Simply scaling hardware won’t work because not only will it drive the price sky high, but it will result in an enormous carbon footprint. Studies show that training a state-of-the-art NLP model emits over 78,000 pounds over carbon emissions, which is equivalent to 125 round trip flights between New York and Beijing. (Another quote here about the cost).
Therefore, new software solutions will be an essential piece to solving this puzzle. The fundamental challenge is how to achieve the same model accuracy with significantly less computation. This will save time and money locally, and reduce the carbon footprint globally.
We heard the same frustrations from data scientists around the world, about tools being too complicated and cumbersome and models taking too long to train. We anxiously anticipated as new tools were release, but after 10 years we still hadn’t found what we were looking for.
A focus on model development: Instead, there were end-to-end platforms, one-size-fits-all solutions, or tools for other aspects of the data science lifecycle.
Uniformity: There were lots of great tools and libraries out there -- code editors, notebooks, open-source libraries, and standalone tools.
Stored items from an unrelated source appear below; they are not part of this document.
(* Let $q \geq 2$ be an integer and let $n=(q^2+1)(q+1)$. Let $H_0$ be a graph on $n$ vertices in which each vertex may carry at most one loop, with symmetric $0/1$ adjacency matrix $M$ (where $M_{vv}=1$ exactly when $v$ carries a loop), such that every row of $M$ sums to $q+1$, and such that all eigenvalues of $M$ other than the largest one ($=q+1$) have absolute value at most $\sqrt{2q}$. Let $H$ be the simple graph obtained from $H_0$ by deleting all loops, and assume $H$ contains no cycle of length $3$ or $4$. Let $G_1$ be the simple graph on $V(H)$ in which two distinct vertices $x,y$ are adjacent if and only if there is a vertex $w \notin\{x,y\}$ adjacent in $H$ to both $x$ and $y$ (equivalently, $G_1$ is the union over $v \in V(H)$ of the complete graphs on $N_H(v)$). Then for every $X \subseteq V(G_1)$, \[\left|e_{G_1}(X) - \frac{q}{q^2+1}\binom{|X|}{2}\right| \leq (2q+1)|X|,\] i.e. $G_1$ is $\bigl(q/(q^2+1),\,2q+1\bigr)$-jumbled.
   Context: For a graph $G$ and $X \subseteq V(G)$, $e_G(X)$ denotes the number of edges of $G$ with both endpoints in $X$. A graph $G$ is $(p,\beta)$-jumbled if $\left|e_G(X) - p\binom{|X|}{2}\right| \leq \beta |X|$ for all $X \subseteq V(G)$. $N_H(v)$ denotes the set of neighbours of $v$ in $H$. *)

theory Defs
  imports "Jordan_Normal_Form.Char_Poly" 
begin

text \<open>Graphs on vertex set {0..<n}, given by a symmetric adjacency predicate.\<close>

definition has_triangle :: "nat \<Rightarrow> (nat \<Rightarrow> nat \<Rightarrow> bool) \<Rightarrow> bool" where
  "has_triangle n E \<longleftrightarrow> (\<exists>a<n. \<exists>b<n. \<exists>c<n. distinct [a,b,c] \<and> E a b \<and> E b c \<and> E c a)"

definition has_C4 :: "nat \<Rightarrow> (nat \<Rightarrow> nat \<Rightarrow> bool) \<Rightarrow> bool" where
  "has_C4 n E \<longleftrightarrow> (\<exists>a<n. \<exists>b<n. \<exists>c<n. \<exists>d<n. distinct [a,b,c,d] \<and> E a b \<and> E b c \<and> E c d \<and> E d a)"

definition edges_in :: "(nat \<Rightarrow> nat \<Rightarrow> bool) \<Rightarrow> nat set \<Rightarrow> nat" where
  "edges_in E X = card {{x, y} | x y. x \<in> X \<and> y \<in> X \<and> x \<noteq> y \<and> E x y}"

definition loopless_graph :: "real mat \<Rightarrow> nat \<Rightarrow> nat \<Rightarrow> bool" where
  "loopless_graph M x y \<longleftrightarrow> x \<noteq> y \<and> x < dim_row M \<and> y < dim_row M \<and> M $$ (x, y) = 1"

definition common_nbr_graph :: "nat \<Rightarrow> (nat \<Rightarrow> nat \<Rightarrow> bool) \<Rightarrow> nat \<Rightarrow> nat \<Rightarrow> bool" where
  "common_nbr_graph n H x y \<longleftrightarrow> x \<noteq> y \<and> x < n \<and> y < n \<and>
     (\<exists>w<n. w \<noteq> x \<and> w \<noteq> y \<and> H w x \<and> H w y)"

end

theory Submission
  imports Defs "HOL-Analysis.Function_Topology"
begin

(* Since H has no 4-cycles, two vertices have at most one common neighbour, so e_G1(X) is
   exactly the sum over w of C(d_X(w), 2) with d_X(w) = |N_H(w) \<inter> X|. Up to the loops,
   d_X(w) is the w-th entry of M 1_X. Writing 1_X as its mean plus a sum-zero vector y, the
   spectral condition gives |M 1_X|^2 = (q+1)^2 |X|^2 / n + |M y|^2 with |M y|^2 <= 2q |X|,
   and the estimate follows by arithmetic.
   The spectral condition is stated through the characteristic polynomial, so the bound
   |M y|^2 <= 2q |y|^2 on sum-zero vectors is derived from it: a maximizer of |M y|^2 on the
   sum-zero unit sphere is an eigenvector of M^2, which produces a sum-zero eigenvector of M
   whose eigenvalue has absolute value the square root of the maximum; that eigenvalue is not
   q+1, as q+1 would then be a double root of the characteristic polynomial. *)

definition matvec :: "real mat \<Rightarrow> nat \<Rightarrow> (nat \<Rightarrow> real) \<Rightarrow> nat \<Rightarrow> real" where
  "matvec M n y i = (\<Sum>j<n. M $$ (i, j) * y j)"

definition sqnorm :: "nat \<Rightarrow> (nat \<Rightarrow> real) \<Rightarrow> real" where
  "sqnorm n y = (\<Sum>i<n. (y i)\<^sup>2)"

lemma matvec_linear:
  "matvec M n (\<lambda>j. a * u j + b * v j) i = a * matvec M n u i + b * matvec M n v i"
  unfolding matvec_def by (simp add: algebra_simps sum.distrib sum_distrib_left)

lemma matvec_cong: "(\<And>j. j < n \<Longrightarrow> u j = v j) \<Longrightarrow> matvec M n u i = matvec M n v i"
  unfolding matvec_def by simp

lemma matvec_const:
  assumes "\<forall>i<n. (\<Sum>j<n. M $$ (i, j)) = r" and "i < n"
  shows "matvec M n (\<lambda>_. c) i = r * c"
  using assms unfolding matvec_def by (simp add: sum_distrib_right[symmetric])

lemma matvec_symmetric:
  assumes sym: "\<forall>i<n. \<forall>j<n. M $$ (i, j) = M $$ (j, i)"
  shows "(\<Sum>i<n. matvec M n u i * v i) = (\<Sum>i<n. u i * matvec M n v i)"
proof -
  have "(\<Sum>i<n. matvec M n u i * v i) = (\<Sum>i<n. \<Sum>j<n. M $$ (i, j) * u j * v i)"
    unfolding matvec_def by (simp add: sum_distrib_right)
  also have "\<dots> = (\<Sum>j<n. \<Sum>i<n. M $$ (i, j) * u j * v i)" by (rule sum.swap)
  also have "\<dots> = (\<Sum>j<n. u j * matvec M n v j)"
    unfolding matvec_def sum_distrib_left
    by (intro sum.cong refl) (use sym in auto)
  finally show ?thesis .
qed

lemma sum_matvec:
  assumes sym: "\<forall>i<n. \<forall>j<n. M $$ (i, j) = M $$ (j, i)"
    and rows: "\<forall>i<n. (\<Sum>j<n. M $$ (i, j)) = r"
  shows "(\<Sum>i<n. matvec M n u i) = r * (\<Sum>i<n. u i)"
proof -
  have "(\<Sum>i<n. matvec M n u i) = (\<Sum>i<n. matvec M n u i * 1)" by simp
  also have "\<dots> = (\<Sum>i<n. u i * matvec M n (\<lambda>_. 1) i)" by (rule matvec_symmetric[OF sym])
  also have "\<dots> = (\<Sum>i<n. u i * r)" using matvec_const[OF rows] by simp
  finally show ?thesis by (simp add: sum_distrib_left mult.commute)
qed

lemma sqnorm_nonneg: "sqnorm n y \<ge> 0"
  unfolding sqnorm_def by (simp add: sum_nonneg)

lemma sqnorm_eq_0_iff: "sqnorm n y = 0 \<longleftrightarrow> (\<forall>i<n. y i = 0)"
  unfolding sqnorm_def by (subst sum_nonneg_eq_0_iff) auto

lemma sqnorm_matvec_eq_0: "sqnorm n y = 0 \<Longrightarrow> sqnorm n (matvec M n y) = 0"
  unfolding sqnorm_eq_0_iff by (simp add: matvec_def)

lemma char_poly_root_of_eigenfun:
  assumes M: "M \<in> carrier_mat n n"
    and eigen: "\<forall>i<n. matvec M n v i = lam * v i" and nz: "j < n" "v j \<noteq> 0"
  shows "poly (char_poly M) lam = 0"
proof -
  have "eigenvector M (vec n v) lam"
    unfolding eigenvector_def
  proof (intro conjI)
    show "vec n v \<in> carrier_vec (dim_row M)" using M by auto
    show "vec n v \<noteq> 0\<^sub>v (dim_row M)" using M nz
      by (metis carrier_matD(1) index_vec index_zero_vec(1))
    show "M *\<^sub>v vec n v = lam \<cdot>\<^sub>v vec n v"
    proof (rule eq_vecI)
      fix i assume "i < dim_vec (lam \<cdot>\<^sub>v vec n v)"
      hence i: "i < n" by simp
      have "(M *\<^sub>v vec n v) $ i = matvec M n v i"
        using M i by (simp add: matvec_def scalar_prod_def atLeast0LessThan)
      thus "(M *\<^sub>v vec n v) $ i = (lam \<cdot>\<^sub>v vec n v) $ i" using eigen i by simp
    qed (use M in auto)
  qed
  thus ?thesis
    using eigenvalue_root_char_poly[OF M] unfolding eigenvalue_def by blast
qed

lemma sum_insert_index:
  assumes "i < Suc m"
  shows "(\<Sum>k<m. f (insert_index i k)) = (\<Sum>j\<in>{..<Suc m} - {i}. f j)"
proof (rule sum.reindex_bij_betw)
  show "bij_betw (insert_index i) {..<m} ({..<Suc m} - {i})"
    by (rule bij_betw_byWitness[where f' = "delete_index i"])
       (use assms in \<open>auto simp: insert_index_def delete_index_def\<close>)
qed

lemma char_poly_principal_minor_root:
  assumes M: "M \<in> carrier_mat (Suc m) (Suc m)" and i: "i < Suc m"
    and eigen: "\<forall>j<Suc m. matvec M (Suc m) u j = lam * u j"
    and vanish: "u i = 0" and nz: "j < Suc m" "u j \<noteq> 0"
  shows "poly (char_poly (mat_delete M i i)) lam = 0"
proof -
  have ji: "j \<noteq> i" using vanish nz by auto
  define u' where "u' = (\<lambda>k. u (insert_index i k))"
  have minor: "mat_delete M i i \<in> carrier_mat m m"
    using mat_delete_carrier[OF M, of i i] by simp
  show ?thesis
  proof (rule char_poly_root_of_eigenfun[OF minor, where v = u' and j = "delete_index i j"])
    show "delete_index i j < m" using nz ji i by (auto simp: delete_index_def)
    show "u' (delete_index i j) \<noteq> 0" using nz ji by (simp add: u'_def insert_delete_index)
    show "\<forall>k<m. matvec (mat_delete M i i) m u' k = lam * u' k"
    proof (intro allI impI)
      fix k assume k: "k < m"
      have "matvec (mat_delete M i i) m u' k
          = (\<Sum>l<m. M $$ (insert_index i k, insert_index i l) * u (insert_index i l))"
        unfolding matvec_def u'_def
        by (intro sum.cong refl, subst mat_delete_index[symmetric, where n = m])
           (use M i k in auto)
      also have "\<dots> = (\<Sum>l\<in>{..<Suc m} - {i}. M $$ (insert_index i k, l) * u l)"
        using sum_insert_index[OF i] .
      also have "\<dots> = matvec M (Suc m) u (insert_index i k)"
        unfolding matvec_def by (rule sum.mono_neutral_left) (use vanish in auto)
      also have "\<dots> = lam * u' k" using eigen k unfolding u'_def
        by (simp add: insert_index_def)
      finally show "matvec (mat_delete M i i) m u' k = lam * u' k" .
    qed
  qed
qed

(* The derivative of the characteristic polynomial is the sum of the characteristic
   polynomials of the principal minors. Subtracting a sum-zero eigenfunction from a constant
   one makes it vanish at any prescribed coordinate, so the row sum is an eigenvalue of every
   principal minor and hence a double root. *)
lemma char_poly_double_root_of_sum_zero_eigenfun:
  assumes M: "M \<in> carrier_mat n n"
    and rows: "\<forall>i<n. (\<Sum>j<n. M $$ (i, j)) = r"
    and cp: "char_poly M = [:-r, 1:] * p"
    and eigen: "\<forall>i<n. matvec M n w i = r * w i" and sum0: "(\<Sum>i<n. w i) = 0"
    and nz: "j < n" "w j \<noteq> 0"
  shows "poly p r = 0"
proof -
  obtain m where n: "n = Suc m" using nz by (cases n) auto
  have "poly (char_poly (mat_delete M i i)) r = 0" if i: "i < n" for i
  proof -
    define u where "u = (\<lambda>j. w i - w j)"
    have "\<forall>j<n. matvec M n u j = r * u j"
    proof (intro allI impI)
      fix j assume j: "j < n"
      have "matvec M n u j = w i * (\<Sum>k<n. M $$ (j, k)) - matvec M n w j"
        unfolding matvec_def u_def by (simp add: algebra_simps sum_distrib_left sum_subtractf)
      thus "matvec M n u j = r * u j" using rows eigen j by (simp add: u_def algebra_simps)
    qed
    have "\<exists>j<n. w j \<noteq> w i"
    proof (rule ccontr)
      assume "\<not> (\<exists>j<n. w j \<noteq> w i)"
      hence "(\<Sum>k<n. w k) = (\<Sum>k<n. w i)" by (intro sum.cong) auto
      hence "w i = 0" using sum0 i by simp
      with \<open>\<not> (\<exists>j<n. w j \<noteq> w i)\<close> nz show False by metis
    qed
    then obtain j where j: "j < n" "u j \<noteq> 0" by (auto simp: u_def)
    have "u i = 0" by (simp add: u_def)
    with \<open>\<forall>j<n. matvec M n u j = r * u j\<close> j show ?thesis
      using char_poly_principal_minor_root[of M m i u r j] M i unfolding n by blast
  qed
  hence "poly (pderiv (char_poly M)) r = 0"
    unfolding pderiv_char_poly[OF M] poly_sum by simp
  thus ?thesis unfolding cp pderiv_mult by (simp add: pderiv_pCons)
qed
But using these required installing lots of software, resolving dependencies, navigating complicated dashboards to reserve cloud GPUs, or installing our own hardware and drivers.
Simplicity: Getting started with a monolithic, enterprise platform is a daunting task. It takes significant time and energy to install software, learn a new ecosystem, read documentation, etc.
This is why we built Luminide, a simple, unified IDE for model development. The Lumindie IDE was designed bottom-up specifically for model development. Whether the user starts by choosing an existing, state-of-the-art model or designing their own from scratch, Luminde streamlines and accelerates the development process. Experiment to see if new layers make an improvement. Fine-tune with domain specific data. Determine which data augmentations give you the best bang for your buck. Hyperparameter tune to get that last bit of accuracy.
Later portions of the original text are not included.